The recommended pipeline uses tnh-gen for every stage, including the split:

# Step 1: Number raw lines (preprocessing — no model call)
awk '{print NR":"$0}' source.txt > source_numbered.txt

# Step 2: Section — tnh-gen identifies page/article breaks and produces metadata
tnh-gen run --prompt section_by_break \
  --input-file source_numbered.txt \
  --var source_language=Vietnamese \
  --var section_count=4 \
  --var metadata='{"title":"...","author":"..."}' \
  --output-file sections.json

# Step 3: Clean each section (focused per-page context)
for i in 1 2 3 4; do
  tnh-gen run --prompt default_clean_numbered \
    --input-file section_${i}_raw.txt \
    --var source_language=Vietnamese \
    --output-file section_${i}_clean.txt
done

# Step 4: Translate each section with full document context
for i in 1 2 3 4; do
  tnh-gen run --prompt default_line_translate \
    --input-file section_${i}_clean.txt \
    --vars sections.json \
    --var source_language=Vietnamese \
    --var target_language=English \
    --var style=scholarly \
    --output-file section_${i}_translated.txt
done

# Step 5: Combine
cat section_{1,2,3,4}_translated.txt > final_translated.txt

Processing section-by-section (rather than one large batch) keeps each model call focused on a single page's worth of content and contains errors locally. The sections.json produced in step 2 carries section titles, key concepts, and a document summary that give the translator full context for every section.
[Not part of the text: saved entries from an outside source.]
lemma walk_shortens_to_path:
  assumes "walk V E ws"
  shows "\<exists>ps. is_path V E ps \<and> hd ps = hd ws \<and> last ps = last ws \<and>
              path_length p ps \<le> path_length p ws"
  using assms
proof (induction "length ws" arbitrary: ws rule: less_induct)
  case less
  show ?case
  proof (cases "distinct ws")
    case True
    then show ?thesis using less.prems by (auto simp: is_path_iff_walk)
  next
    case False
    then obtain xs y ys zs where ws: "ws = xs @ [y] @ ys @ [y] @ zs"
      using not_distinct_decomp by blast
    define ws' where "ws' = xs @ y # zs"
    have "walk V E (xs @ [y])" "walk V E (y # ys @ y # zs)"
      using less.prems walk_append_iff[of V E xs y "ys @ y # zs"] ws by auto
    then have "walk V E ws'"
      using walk_append_iff[of V E "y # ys" y zs] walk_append_iff[of V E xs y zs]
      unfolding ws'_def by simp
    moreover have "length ws' < length ws" using ws ws'_def by simp
    ultimately obtain ps where ps: "is_path V E ps" "hd ps = hd ws'" "last ps = last ws'"
      "path_length p ps \<le> path_length p ws'"
      using less.hyps by blast
    have "path_length p ws = path_length p (xs @ [y]) + path_length p (y # ys @ y # zs)"
      using ws path_length_append[of p xs y "ys @ y # zs"] by simp
    also have "path_length p (y # ys @ y # zs) = path_length p (y # ys @ [y]) + path_length p (y # zs)"
      using path_length_append[of p "y # ys" y zs] by simp
    finally have "path_length p ws = path_length p ws' + path_length p (y # ys @ [y])"
      using path_length_append[of p xs y zs] unfolding ws'_def by simp
    then have "path_length p ws' \<le> path_length p ws"
      using path_length_nonneg[of p "y # ys @ [y]"] by simp
    moreover have "hd ws' = hd ws" "last ws' = last ws"
      using ws ws'_def by (cases xs; simp)+
    ultimately show ?thesis using ps by auto
  qed
qed

lemma graph_dist_le_path_length:
  assumes "walk V E ws" "hd ws = u" "last ws = v"
  shows "graph_dist V E p u v \<le> path_length p ws"
proof -
  obtain ps where ps: "is_path V E ps" "hd ps = u" "last ps = v"
    "path_length p ps \<le> path_length p ws"
    using walk_shortens_to_path[OF assms(1), of p] assms by auto
  have "graph_dist V E p u v \<le> path_length p ps"
    unfolding graph_dist_def
  proof (rule cInf_lower)
    show "bdd_below {path_length p ws |ws. is_path V E ws \<and> hd ws = u \<and> last ws = v}"
      by (rule bdd_belowI[of _ 0]) (auto simp: path_length_nonneg)
  qed (use ps in blast)
  with ps(4) show ?thesis by linarith
qed

fun variation :: "('a \<Rightarrow> real) \<Rightarrow> 'a list \<Rightarrow> real" where
  "variation x (u # v # ws) = \<bar>x u - x v\<bar> + variation x (v # ws)"
| "variation x _ = 0"

lemma variation_append:
  "variation x (xs @ y # ys) = variation x (xs @ [y]) + variation x (y # ys)"
proof (induction xs)
  case Nil
  then show ?case by (cases ys) auto
next
  case (Cons a xs)
  then show ?case by (cases xs) auto
qed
# Never: overwrite your only input copy
tnh-gen run --prompt default_clean --input-file source.txt --output-file source.txt

For the full walkthrough with a real OCR source, extraction helper script, and golden output structure, see the Thầy Edited Journal Text Case Study.

3. Error Handling¶

Check command exit codes
Save error output for debugging
Use verbose mode for troubleshooting
Keep log files organized

Audio-Transcribe¶

1. Audio Processing¶

Use appropriate chunk sizes for content
Consider silence detection for natural breaks
Monitor transcription quality
Save intermediate audio chunks

2. YouTube Downloads¶

Verify video availability before batch processing
Use CSV files for bulk operations
Include timestamps when needed
Save downloaded audio files

Pattern Development¶

1. Pattern Design¶

Keep patterns focused and single-purpose
Include clear documentation
Test with various input types
Patterns are automatically version controlled using git.
Use git tools to inspect and manage versions.

2. Template Variables¶

Use descriptive variable names
Provide default values when appropriate
Document required variables
Test variable combinations

Example pattern structure:

---
description: Example pattern for formatting
version: 1.0
author: TNH Scholar
---
Process this text according to these parameters:

Language: {{ language }}
Style: {{ style_convention }}
Review Count: {{ review_count }}

Additional instructions...

Performance Optimization¶

1. Resource Management¶

Monitor token usage
Use appropriate batch sizes
Consider chunking for large files
Cache intermediate results

2. API Usage¶

Implement rate limiting
Handle API errors gracefully
Monitor usage and costs
Use appropriate models for tasks

Testing and Validation¶

1. Input Validation¶

Test with various file sizes
Include different languages
Check character encodings
Verify line endings

2. Output Validation¶

Verify file formats
Check content integrity
Validate XML structure
Compare with expected results

3. Process Validation¶

Monitor system resources
Track processing time
Log error conditions
Document edge cases

Security Considerations¶

1. API Keys¶

Use environment variables
Never commit keys to version control
Rotate keys regularly
Monitor API usage

2. File Handling¶

Validate input files
Use secure file permissions
Clean up temporary files
Handle sensitive content appropriately

Documentation¶

1. Code Comments¶

Document complex logic
Explain pattern usage
Note assumptions
Include examples

2. Process Documentation¶

Document workflows
Create usage examples
Update for changes
Include troubleshooting guides